TASK PROMPT
Return each line of the entries that mentions the word "intro".

DATA FOR PROCESSING
section \<open>Error bounds of perturbations\<close>

lemma Gamma0_not_MInf: "f \<in> Gamma0 \<Longrightarrow> f v \<noteq> -\<infinity>"
  unfolding Gamma0_def proper_fun_def by auto

lemma Gamma0_convex_fun: "f \<in> Gamma0 \<Longrightarrow> convex_fun f"
  unfolding Gamma0_def by auto

lemma Gamma0_lsc_fun: "f \<in> Gamma0 \<Longrightarrow> lsc_fun f"
  unfolding Gamma0_def by auto

lemma subdiff_zero_value:
  "f x = 0 \<Longrightarrow> subdiff f x = {L. \<forall>u. ereal (blinfun_apply L (u - x)) \<le> f u}"
  unfolding subdiff_def by simp

lemma convex_on_blinfun_shift: "convex_on UNIV (\<lambda>u. blinfun_apply L (u - x))"
proof (rule convex_onI)
  fix t :: real and a b :: 'a
  have "(1 - t) *\<^sub>R a + t *\<^sub>R b - x = (1 - t) *\<^sub>R (a - x) + t *\<^sub>R (b - x)"
    by (simp add: algebra_simps)
  then show "blinfun_apply L ((1 - t) *\<^sub>R a + t *\<^sub>R b - x)
      \<le> (1 - t) * blinfun_apply L (a - x) + t * blinfun_apply L (b - x)"
    by (simp add: blinfun.add_right blinfun.scaleR_right)
qed simp

lemma dst_nonneg: "0 \<le> dst x S"
  unfolding dst_def by (rule INF_greatest) simp

lemma dst_le: "u \<in> S \<Longrightarrow> dst x S \<le> ereal (norm (u - x))"
  unfolding dst_def by (rule INF_lower)

lemma Er_le: "0 < g v \<Longrightarrow> Er g \<le> g v / dst v (Sf g)"
  unfolding Er_def by (rule INF_lower) simp

lemma Er_geI:
  assumes c: "0 < c" and S: "Sf g \<noteq> {}"
    and bound: "\<And>u. 0 < g u \<Longrightarrow> g u \<noteq> \<infinity> \<Longrightarrow> ereal c * dst u (Sf g) \<le> g u"
  shows "ereal c \<le> Er g"
  unfolding Er_def
proof (rule INF_greatest, clarify)
  fix u assume u: "0 < g u"
  obtain z where "z \<in> Sf g" using S by blast
  then obtain d where d: "dst u (Sf g) = ereal d" "0 \<le> d"
    using dst_le[of z "Sf g" u] dst_nonneg[of u "Sf g"] by (cases "dst u (Sf g)") auto
  show "ereal c \<le> g u / dst u (Sf g)"
  proof (cases "g u")
    case (real G)
    show ?thesis
    proof (cases "d = 0")
      case False
      then have "c * d \<le> G" using bound[OF u] real d by simp
      then show ?thesis using real d False by (simp add: pos_le_divide_eq mult.commute)
    qed (use real u d in simp)
  qed (use u d in simp_all)
qed

lemma ErF_antimono: "A \<subseteq> B \<Longrightarrow> ErF B \<le> ErF A"
  unfolding ErF_def by (rule INF_superset_mono) auto

lemma Ptbwl_subset_Ptbw: "Ptbwl f \<epsilon> \<subseteq> Ptbw f \<epsilon>"
proof
  fix g assume "g \<in> Ptbwl f \<epsilon>"
  then obtain x L where x: "x \<in> Sfeq f" and L: "norm L \<le> \<epsilon>"
    and g: "g = (\<lambda>u. f u + ereal (blinfun_apply L (u - x)))"
    unfolding Ptbwl_def by blast
  have "\<bar>blinfun_apply L (u - x)\<bar> \<le> \<epsilon> * norm (u - x)" for u
    using order_trans[OF norm_blinfun mult_right_mono[OF L norm_ge_zero]] by simp
  moreover have "x \<in> Sf g" using x unfolding g Sf_def Sfeq_def by simp
  ultimately show "g \<in> Ptbw f \<epsilon>"
    unfolding Ptbw_def mem_Collect_eq
    by (intro conjI exI[of _ "\<lambda>u. blinfun_apply L (u - x)"] bexI[OF _ x])
      (use g convex_on_blinfun_shift[of L x] in auto)
qed

lemma Ptbl_subset_Ptb: "Ptbl f \<epsilon> \<subseteq> Ptb f \<epsilon>"
proof
  fix g assume "g \<in> Ptbl f \<epsilon>"
  then obtain x \<xi> L where x: "x \<in> Sfeq f" and \<xi>: "0 \<le> \<xi>" and L: "norm L \<le> \<xi>"
    and cond: "ereal \<xi> + bdmod f \<le> ereal \<epsilon> + tau f x \<xi> 0"
    and g: "g = (\<lambda>u. f u + ereal (blinfun_apply L (u - x)))"
    unfolding Ptbl_def by blast
  have "\<bar>blinfun_apply L (u - x)\<bar> \<le> \<xi> * norm (u - x)" for u
    using order_trans[OF norm_blinfun mult_right_mono[OF L norm_ge_zero]] by simp
  moreover have "x \<in> Sf g" using x unfolding g Sf_def Sfeq_def by simp
  ultimately show "g \<in> Ptb f \<epsilon>"
    unfolding Ptb_def mem_Collect_eq
    by (intro conjI exI[of _ "\<lambda>u. blinfun_apply L (u - x)"] bexI[OF _ x] exI[of _ \<xi>])
      (use g \<xi> cond convex_on_blinfun_shift[of L x] in auto)
qed

lemma dst_ge_of_halfspace:
  fixes w :: "'a::real_normed_vector \<Rightarrow>\<^sub>L real"
  assumes S: "\<And>u. u \<in> S \<Longrightarrow> blinfun_apply w u \<le> \<beta>"
  shows "ereal ((blinfun_apply w v - \<beta>) / norm w) \<le> dst v S"
  unfolding dst_def
proof (rule INF_greatest)
  fix u assume "u \<in> S"
  have "blinfun_apply w v - \<beta> \<le> blinfun_apply w (v - u)"
    using S[OF \<open>u \<in> S\<close>] by (simp add: blinfun.diff_right)
  also have "\<dots> \<le> norm w * norm (u - v)"
    using norm_blinfun[of w "v - u"] by (simp add: norm_minus_commute)
  finally show "ereal ((blinfun_apply w v - \<beta>) / norm w) \<le> ereal (norm (u - v))"
    by (cases "norm w = 0") (auto simp: divide_le_eq mult.commute)
qed

text \<open>Tilting f by w - y', where y' is a subgradient at x and y' + w fails the subgradient
  inequality at v, puts the level set into the half-space where w(\<cdot> - x) \<le> 0 while keeping
  the value at v below twice its distance to that half-space times norm w.\<close>
lemma Er_tilt_le:
  fixes f :: "'a::real_normed_vector \<Rightarrow> ereal"
  assumes f: "f \<in> Gamma0" and fx: "f x = 0" and y': "y' \<in> subdiff f x"
    and v: "f v < ereal (blinfun_apply (y' + w) (v - x))"
  shows "Er (\<lambda>u. f u + ereal (blinfun_apply (w - y') (u - x))) \<le> ereal (2 * norm w)"
proof -
  define g where "g u = f u + ereal (blinfun_apply (w - y') (u - x))" for u
  have y'_le: "ereal (blinfun_apply y' (u - x)) \<le> f u" for u
    using y' unfolding subdiff_zero_value[of f x, OF fx] by blast
  obtain fv where fv: "f v = ereal fv" using v Gamma0_not_MInf[OF f, of v] by (cases "f v") auto
  define h where "h = fv - blinfun_apply y' (v - x)"
  define a where "a = blinfun_apply w (v - x)"
  have h: "0 \<le> h" using y'_le[of v] fv unfolding h_def by simp
  have ha: "h < a" using v fv unfolding h_def a_def by (simp add: blinfun.add_left)
  have gv: "g v = ereal (h + a)"
    unfolding g_def fv h_def a_def by (simp add: blinfun.diff_left)
  have level: "blinfun_apply w u \<le> blinfun_apply w x" if "u \<in> Sf g" for u
  proof -
    have "f u + ereal (blinfun_apply (w - y') (u - x)) \<le> 0" using that unfolding Sf_def g_def
      by simp
    then have "ereal (blinfun_apply y' (u - x)) + ereal (blinfun_apply (w - y') (u - x)) \<le> 0"
      using y'_le[of u] by (meson add_right_mono order_trans)
    then show ?thesis by (simp add: blinfun.diff_left blinfun.diff_right)
  qed
  have w: "0 < norm w" using h ha unfolding a_def by (cases "w = 0") auto
  obtain d where d: "dst v (Sf g) = ereal d" "a / norm w \<le> d"
  proof -
    have "x \<in> Sf g" using fx unfolding Sf_def g_def by simp
    moreover have "ereal (a / norm w) \<le> dst v (Sf g)"
      using dst_ge_of_halfspace[of "Sf g" w "blinfun_apply w x" v, OF level] unfolding a_def
      by (simp add: blinfun.diff_right)
    ultimately show ?thesis using that dst_le[of x "Sf g" v] by (cases "dst v (Sf g)") auto
  qed
  have d_pos: "0 < d" using d(2) h ha w by (smt (verit) divide_pos_pos)
  have "Er g \<le> ereal ((h + a) / d)"
    using Er_le[of g v] gv d(1) h ha d_pos by simp
  also have "(h + a) / d \<le> 2 * a / (a / norm w)"
    using h ha d d_pos w by (intro frac_le) auto
  also have "2 * a / (a / norm w) = 2 * norm w" using h ha by simp
  finally show ?thesis unfolding g_def by simp
qed

lemma ErF_Ptbwl_lt:
  fixes f :: "'a::real_normed_vector \<Rightarrow> ereal"
  assumes f: "f \<in> Gamma0" and x: "x \<in> Sfeq f" and y: "y \<in> frontier (subdiff f x)"
    and y_\<epsilon>: "norm y < \<epsilon>" and \<rho>: "0 < \<rho>"
  shows "ErF (Ptbwl f \<epsilon>) < ereal \<rho>"
proof -
  have fx: "f x = 0" using x unfolding Sfeq_def by simp
  define r where "r = min ((\<epsilon> - norm y) / 3) (\<rho> / 4)"
  have "0 < r" using y_\<epsilon> \<rho> unfolding r_def by simp
  moreover have "r \<le> (\<epsilon> - norm y) / 3" "r \<le> \<rho> / 4"
    unfolding r_def by (rule min.cobounded1, rule min.cobounded2)
  ultimately have r: "0 < r" "3 * r \<le> \<epsilon> - norm y" "4 * r \<le> \<rho>" by auto
  have y_cl: "y \<in> closure (subdiff f x)" and y_int: "y \<notin> interior (subdiff f x)"
    using y by (auto simp: frontier_def)
  obtain y' where y': "y' \<in> subdiff f x" "dist y' y < r"
    using y_cl r(1) unfolding closure_approachable by blast
  obtain z where z: "z \<notin> subdiff f x" "dist y z < r"
    using y_int r(1) unfolding mem_interior by (auto simp: subset_eq)
  then obtain v where v: "f v < ereal (blinfun_apply z (v - x))"
    unfolding subdiff_zero_value[of f x, OF fx] by (auto simp: not_le)
  define w where "w = z - y'"
  have w: "norm w < 2 * r"
    using dist_triangle[of z y' y] z(2) y'(2) unfolding w_def
    by (simp add: dist_norm norm_minus_commute)
  have "norm (w - y') \<le> norm w + norm y'" by (rule norm_triangle_ineq4)
  also have "\<dots> \<le> \<epsilon>"
    using w y'(2) r(2) norm_triangle_ineq2[of y' y] by (simp add: dist_norm)
  finally have "(\<lambda>u. f u + ereal (blinfun_apply (w - y') (u - x))) \<in> Ptbwl f \<epsilon>"
    unfolding Ptbwl_def using x by blast
  then have "ErF (Ptbwl f \<epsilon>) \<le> ereal (2 * norm w)"
    unfolding ErF_def using Er_tilt_le[OF f fx y'(1), of v w] v unfolding w_def
    by (intro INF_lower2) auto
  also have "\<dots> < ereal \<rho>" using w r(3) by simp
  finally show ?thesis .
qed

theorem bdmod_ge_of_ErF_Ptbwl_pos:
  fixes f :: "'a::real_normed_vector \<Rightarrow> ereal"
  assumes f: "f \<in> Gamma0" and pos: "0 < ErF (Ptbwl f \<epsilon>)"
  shows "ereal \<epsilon> \<le> bdmod f"
proof (rule ccontr)
  assume "\<not> ereal \<epsilon> \<le> bdmod f"
  then obtain x where x: "x \<in> Sfeq f" and "dst 0 (frontier (subdiff f x)) < ereal \<epsilon>"
    unfolding bdmod_def by (auto simp: not_le INF_less_iff)
  then obtain y where y: "y \<in> frontier (subdiff f x)" "norm y < \<epsilon>"
    unfolding dst_def by (auto simp: INF_less_iff)
  obtain \<rho> where \<rho>: "0 < ereal \<rho>" "ereal \<rho> < ErF (Ptbwl f \<epsilon>)" using ereal_dense2[OF pos] by blast
  then have "ErF (Ptbwl f \<epsilon>) < ereal \<rho>" using ErF_Ptbwl_lt[OF f x y] by simp
  with \<rho>(2) show False by simp
qed

lemma growth_of_interior_subdiff:
  fixes f :: "'a::real_normed_vector \<Rightarrow> ereal"
  assumes fx: "f x = 0" and int: "0 \<in> interior (subdiff f x)"
    and \<rho>: "0 \<le> \<rho>" "ereal \<rho> < dst 0 (frontier (subdiff f x))"
  shows "ereal (\<rho> * norm (v - x)) \<le> f v"
proof -
  obtain L :: "'a \<Rightarrow>\<^sub>L real" where L: "norm L \<le> 1" "blinfun_apply L (v - x) = norm (v - x)"
    using norming_functional by blast
  have "norm (\<rho> *\<^sub>R L) \<le> \<rho>" using L(1) \<rho>(1) by (simp add: mult_left_le)
  then have "ereal (norm (\<rho> *\<^sub>R L)) < dst 0 (frontier (subdiff f x))"
    using \<rho>(2) by (meson ereal_less_eq(3) le_less_trans)
  then have "\<rho> *\<^sub>R L \<in> subdiff f x" by (rule mem_of_norm_less_dst_frontier[OF int])
  then have "ereal (\<rho> * blinfun_apply L (v - x)) \<le> f v"
    unfolding subdiff_zero_value[of f x, OF fx] by (simp add: blinfun.scaleR_left)
  then show ?thesis using L(2) by simp
qed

TASK RESPONSE
    by (intro conjI exI[of _ "\<lambda>u. blinfun_apply L (u - x)"] bexI[OF _ x])
    by (intro conjI exI[of _ "\<lambda>u. blinfun_apply L (u - x)"] bexI[OF _ x] exI[of _ \<xi>])
    using h ha d d_pos w by (intro frac_le) auto
    by (intro INF_lower2) auto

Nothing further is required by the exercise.